++++ EXTRACTED DATA ++++

lemma schauder_coeff_convergent:
  assumes Cauchy: "\<And>e. 0 < e \<Longrightarrow> \<exists>M. \<forall>m\<ge>M. \<forall>n\<ge>M. basis_norm b (x m - x n) < e"
  shows "convergent (\<lambda>k. schauder_coeff b (x k) i)"
proof -
  have nb: "0 < norm (b i)" using schauder_basis_nonzero by simp
  have "Cauchy (\<lambda>k. schauder_coeff b (x k) i)"
  proof (rule CauchyI)
    fix e :: real assume "0 < e"
    then obtain M where M: "\<forall>m\<ge>M. \<forall>n\<ge>M. basis_norm b (x m - x n) < e * norm (b i) / 2"
      using Cauchy[of "e * norm (b i) / 2"] nb by auto
    have "\<bar>schauder_coeff b (x m) i - schauder_coeff b (x n) i\<bar> < e" if "M \<le> m" "M \<le> n" for m n
    proof -
      have "\<bar>schauder_coeff b (x m) i - schauder_coeff b (x n) i\<bar> * norm (b i) \<le> 2 * basis_norm b (x m - x n)"
        using schauder_coeff_le_basis_norm[of "x m - x n" i] by (simp add: schauder_coeff_diff)
      moreover have "basis_norm b (x m - x n) < e * norm (b i) / 2" using M that by blast
      ultimately have "\<bar>schauder_coeff b (x m) i - schauder_coeff b (x n) i\<bar> * norm (b i) < e * norm (b i)"
        by linarith
      then show ?thesis using nb by simp
    qed
    then show "\<exists>M. \<forall>m\<ge>M. \<forall>n\<ge>M. norm (schauder_coeff b (x m) i - schauder_coeff b (x n) i) < e"
      by auto
  qed
  then show ?thesis by (simp add: Cauchy_convergent_iff)
qed

lemma schauder_proj_uniform_limit:
  assumes Cauchy: "\<And>e. 0 < e \<Longrightarrow> \<exists>M. \<forall>m\<ge>M. \<forall>n\<ge>M. basis_norm b (x m - x n) < e"
    and c: "\<And>i. (\<lambda>k. schauder_coeff b (x k) i) \<longlonglongrightarrow> c i"
  shows "uniform_limit UNIV (\<lambda>k n. schauder_proj b n (x k)) (\<lambda>n. \<Sum>i<n. c i *\<^sub>R b i) sequentially"
proof (rule uniform_limitI)
  fix e :: real assume "0 < e"
  then obtain K where K: "\<forall>k\<ge>K. \<forall>l\<ge>K. basis_norm b (x k - x l) < e / 2"
    using Cauchy[of "e / 2"] by auto
  have bound: "norm (schauder_proj b n (x k) - (\<Sum>i<n. c i *\<^sub>R b i)) \<le> e / 2" if "K \<le> k" for k n
  proof (rule Lim_norm_ubound)
    show "(\<lambda>l. schauder_proj b n (x k) - schauder_proj b n (x l))
        \<longlonglongrightarrow> schauder_proj b n (x k) - (\<Sum>i<n. c i *\<^sub>R b i)"
      unfolding schauder_proj_def by (intro tendsto_diff tendsto_const tendsto_sum tendsto_scaleR c)
    have "norm (schauder_proj b n (x k) - schauder_proj b n (x l)) \<le> e / 2" if "K \<le> l" for l
    proof -
      have "norm (schauder_proj b n (x k) - schauder_proj b n (x l)) = norm (schauder_proj b n (x k - x l))"
        by (simp add: schauder_proj_diff)
      also have "\<dots> \<le> basis_norm b (x k - x l)" by (rule norm_schauder_proj_le)
      also have "\<dots> < e / 2" using K \<open>K \<le> k\<close> that by blast
      finally show ?thesis by simp
    qed
    then show "\<forall>\<^sub>F l in sequentially. norm (schauder_proj b n (x k) - schauder_proj b n (x l)) \<le> e / 2"
      by (rule eventually_sequentiallyI)
  qed simp
  have "e / 2 < e" using \<open>0 < e\<close> by simp
  then show "\<forall>\<^sub>F k in sequentially. \<forall>n\<in>UNIV. dist (schauder_proj b n (x k)) (\<Sum>i<n. c i *\<^sub>R b i) < e"
    unfolding dist_norm using bound by (intro eventually_sequentiallyI[of K]) (meson le_less_trans)
qed

end

lemma basis_norm_complete:
  fixes b :: "nat \<Rightarrow> 'a::banach"
  assumes basis: "schauder_basis b"
    and Cauchy: "\<And>e. 0 < e \<Longrightarrow> \<exists>M. \<forall>m\<ge>M. \<forall>n\<ge>M. basis_norm b (x m - x n) < e"
  shows "\<exists>y. (\<lambda>k. basis_norm b (x k - y)) \<longlonglongrightarrow> 0"
proof -
  obtain c where c: "\<And>i. (\<lambda>k. schauder_coeff b (x k) i) \<longlonglongrightarrow> c i"
    using schauder_coeff_convergent[OF basis Cauchy] unfolding convergent_def by metis
  define S where "S n = (\<Sum>i<n. c i *\<^sub>R b i)" for n
  have unif: "uniform_limit UNIV (\<lambda>k n. schauder_proj b n (x k)) S sequentially"
    unfolding S_def by (rule schauder_proj_uniform_limit[OF basis Cauchy c])
  have "Cauchy x"
  proof (rule CauchyI)
    fix e :: real assume "0 < e"
    then show "\<exists>M. \<forall>m\<ge>M. \<forall>n\<ge>M. norm (x m - x n) < e"
      using Cauchy norm_le_basis_norm[OF basis] by (meson le_less_trans)
  qed
  then obtain y where "x \<longlonglongrightarrow> y" using Cauchy_convergent_iff convergent_def by blast
  \<comment> \<open>the projections need not be continuous yet, so \<open>S\<close> is identified through the uniform limit\<close>
  have "S \<longlonglongrightarrow> y"
  proof (rule swap_uniform_limit'[OF _ \<open>x \<longlonglongrightarrow> y\<close> unif])
    show "\<forall>\<^sub>F k in sequentially. (\<lambda>n. schauder_proj b n (x k)) \<longlonglongrightarrow> x k"
      using schauder_proj_tendsto[OF basis] by simp
  qed simp_all
  then have "schauder_coeff b y = c" unfolding S_def by (rule schauder_coeff_eqI[OF basis])
  then have proj_y: "schauder_proj b n y = S n" for n by (simp add: schauder_proj_def S_def)
  have "(\<lambda>k. basis_norm b (x k - y)) \<longlonglongrightarrow> 0"
  proof (rule tendstoI)
    fix r :: real assume "0 < r"
    then have "\<forall>\<^sub>F k in sequentially. \<forall>n\<in>UNIV. dist (schauder_proj b n (x k)) (S n) < r / 2"
      by (intro uniform_limitD[OF unif]) simp
    then show "\<forall>\<^sub>F k in sequentially. dist (basis_norm b (x k - y)) 0 < r"
    proof eventually_elim
      case (elim k)
      then have "basis_norm b (x k - y) \<le> r / 2"
        by (intro basis_norm_le[OF basis]) (simp add: dist_norm schauder_proj_diff[OF basis] proj_y less_imp_le)
      then show ?case using basis_norm_nonneg[OF basis, of "x k - y"] \<open>0 < r\<close> by simp
    qed
  qed
  then show ?thesis ..
qed
(* Let $a>0$, $b\ge0$, $\mu>0$, and let $V,Q,f$ satisfy $(V_1)$–$(V_3)$, $(Q)$, $(f_1)$–$(f_4)$ (see context). Let $(u_n)\subset X$ be such that there is $d>0$ with $I(u_n)\le d$ for all $n$ and $\|I'(u_n)\|_{X'}(1+\|u_n\|_X)\to0$ as $n\to\infty$. Then $(u_n)$ is bounded in $H^1(\mathbb R^2)$.
   Context: $V:(0,\infty)\to\mathbb R$ continuous, $V^\pm=\max\{\pm V,0\}$: $(V_1)$ there are $a_1,a_2$ with $a_2\in L^\infty$, $\inf_{t\ge2}a_1>0$, $\inf_{t>0}a_2>0$, $a_1(t)\ln(1+t)\le V^+(t)\le a_2(t)\ln(1+t)$, $t>0$; $(V_2)$ there is $a_3$, positive on a set of positive measure, with $V^-(t)\le a_3(t)/t$ and either $a_3\in L^\infty$ or $a_3(t)=t^{-\lambda}$, $\lambda\in[1,3)$; $(V_3)$ $V<0$ on some open $\mathcal I\subset(0,\infty)$. $(Q)$: $Q\in C(\mathbb R^2)$, $\inf Q=Q_0>0$, $Q\in L^p(\mathbb R^2)$, some $p\in(1,\infty]$. $F(t)=\int_0^tf$; $(f_1)$ $f$ continuous, $f(0)=0$, $\lim_{s\to+\infty}f(s)/(e^{\alpha s^2}-1)=0$ for $\alpha>4\pi$, $=+\infty$ for $\alpha<4\pi$; $(f_2)$ $|f(t)|/|t|^\tau\to0$ as $t\to0$, some $\tau>1$; $(f_3)$ $f(t)t\ge\theta F(t)>0$ for $t\ne0$, some $\theta\ge4$; $(f_4)$ $F(t)\ge C_q|t|^q$ for all $t$, some $q>4$, $C_q>0$. $X=\{u\in H^1(\mathbb R^2):\int\ln(1+|x|)u^2<\infty\}$, $\|u\|_X^2=\|\nabla u\|_2^2+\|u\|_2^2+\int\ln(1+|x|)u^2$, $X'$ its dual. $P(u)=\iint V(|x-y|)u^2(x)u^2(y)dxdy$, $I(u)=\frac a2\|\nabla u\|_2^2+\frac b4\|\nabla u\|_2^4+\frac12\int Qu^2+\frac\mu4P(u)-\int F(u)$, a $C^1$ functional on $X$. *)

theory Defs
  imports "HOL-Analysis.Analysis"
begin

type_synonym R2 = "real^2"

definition test_fun :: "(R2 \<Rightarrow> real) \<Rightarrow> bool" where
  "test_fun \<phi> \<longleftrightarrow> compact (closure {x. \<phi> x \<noteq> 0}) \<and> (\<forall>x. \<phi> differentiable (at x)) \<and>
     (\<forall>i. continuous_on UNIV (\<lambda>x. frechet_derivative \<phi> (at x) (axis i 1)))"

definition weak_grad :: "(R2 \<Rightarrow> real) \<Rightarrow> (R2 \<Rightarrow> R2) \<Rightarrow> bool" where
  "weak_grad u g \<longleftrightarrow> (\<forall>\<phi>. test_fun \<phi> \<longrightarrow> (\<forall>i.
      (\<integral>x. u x * frechet_derivative \<phi> (at x) (axis i 1) \<partial>lborel) = - (\<integral>x. g x $ i * \<phi> x \<partial>lborel)))"

definition L2_grad :: "(R2 \<Rightarrow> real) \<Rightarrow> (R2 \<Rightarrow> R2) \<Rightarrow> bool" where
  "L2_grad u g \<longleftrightarrow> g \<in> borel_measurable lborel \<and> integrable lborel (\<lambda>x. (norm (g x))\<^sup>2) \<and> weak_grad u g"

definition H1 :: "(R2 \<Rightarrow> real) set" where
  "H1 = {u. u \<in> borel_measurable lborel \<and> integrable lborel (\<lambda>x. (u x)\<^sup>2) \<and> (\<exists>g. L2_grad u g)}"

definition grad :: "(R2 \<Rightarrow> real) \<Rightarrow> (R2 \<Rightarrow> R2)" where
  "grad u = (SOME g. L2_grad u g)"

definition grad_norm2 :: "(R2 \<Rightarrow> real) \<Rightarrow> real" where
  "grad_norm2 u = (\<integral>x. (norm (grad u x))\<^sup>2 \<partial>lborel)"

definition L2_norm2 :: "(R2 \<Rightarrow> real) \<Rightarrow> real" where
  "L2_norm2 u = (\<integral>x. (u x)\<^sup>2 \<partial>lborel)"

definition H1_norm :: "(R2 \<Rightarrow> real) \<Rightarrow> real" where
  "H1_norm u = sqrt (grad_norm2 u + L2_norm2 u)"

definition Xspace :: "(R2 \<Rightarrow> real) set" where
  "Xspace = {u \<in> H1. integrable lborel (\<lambda>x. ln (1 + norm x) * (u x)\<^sup>2)}"

definition X_norm :: "(R2 \<Rightarrow> real) \<Rightarrow> real" where
  "X_norm u = sqrt (grad_norm2 u + L2_norm2 u + (\<integral>x. ln (1 + norm x) * (u x)\<^sup>2 \<partial>lborel))"

definition prim :: "(real \<Rightarrow> real) \<Rightarrow> real \<Rightarrow> real" where
  "prim f t = (if 0 \<le> t then integral {0..t} f else - integral {t..0} f)"

definition Pfun :: "(real \<Rightarrow> real) \<Rightarrow> (R2 \<Rightarrow> real) \<Rightarrow> real" where
  "Pfun V u = (\<integral>x. (\<integral>y. V (norm (x - y)) * (u x)\<^sup>2 * (u y)\<^sup>2 \<partial>lborel) \<partial>lborel)"
(* Let $\mathcal{A}$ be a unital C*-algebra and let $\mathcal{E}$ be a (left) Hilbert C*-module over $\mathcal{A}$. Let $\{\tau_n\}_{n=1}^\infty$ and $\{\omega_m\}_{m=1}^\infty$ be two modular Parseval frames for $\mathcal{E}$. Then for every $x \in \mathcal{E}$ with $x \neq 0$, \[ \left(\frac{\|\theta_\tau x\|_0+\|\theta_\omega x\|_0}{2}\right)^2\geq \|\theta_\tau x \|_0\, \|\theta_\omega x \|_0 \geq \frac{1}{\sup_{n, m \in \mathbb{N}} \|\langle \tau_n, \omega_m\rangle \|^2}. \]
   Context: A (left) Hilbert C*-module over a unital C*-algebra $\mathcal{A}$ is a left $\mathcal{A}$-module $\mathcal{E}$ with a map $\langle\cdot,\cdot\rangle:\mathcal{E}\times\mathcal{E}\to\mathcal{A}$ such that: $\langle x,x\rangle\ge 0$ for all $x$, and $\langle x,x\rangle=0$ implies $x=0$; $\langle x+y,z\rangle=\langle x,z\rangle+\langle y,z\rangle$; $\langle ax,y\rangle=a\langle x,y\rangle$ for $a\in\mathcal{A}$; $\langle x,y\rangle=\langle y,x\rangle^*$; and $\mathcal{E}$ is complete for the norm $\|x\|=\sqrt{\|\langle x,x\rangle\|}$. A collection $\{\tau_n\}_{n=1}^\infty\subseteq\mathcal{E}$ is a modular Parseval frame for $\mathcal{E}$ if $\langle x,x\rangle=\sum_{n=1}^\infty\langle x,\tau_n\rangle\langle\tau_n,x\rangle$ (convergent in $\mathcal{A}$) for all $x\in\mathcal{E}$. Let $\ell^2(\mathbb{N},\mathcal{A})$ be the set of sequences $\{a_n\}_{n=1}^\infty$ in $\mathcal{A}$ such that $\sum_n a_na_n^*$ converges in $\mathcal{A}$. For a modular Parseval frame $\{\tau_n\}$, the analysis operator is $\theta_\tau:\mathcal{E}\to\ell^2(\mathbb{N},\mathcal{A})$, $\theta_\tau x=\{\langle x,\tau_n\rangle\}_{n=1}^\infty$. For a sequence $\{a_n\}$ in $\mathcal{A}$, $\|\{a_n\}\|_0$ denotes the number of indices $n$ with $a_n\neq 0$ (the cardinality of its support, a value in $\{0,1,2,\dots\}\cup\{\infty\}$). In the right-hand side, $\|\langle \tau_n,\omega_m\rangle\|$ is the C*-algebra norm in $\mathcal{A}$. *)

theory Defs
  imports "HOL-Analysis.Analysis"
begin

++++

**TASK DESCRIPTION**
Reply with one number only: how many lines of the listing hold "UNIV"?

**EXERCISE OUTPUT**
5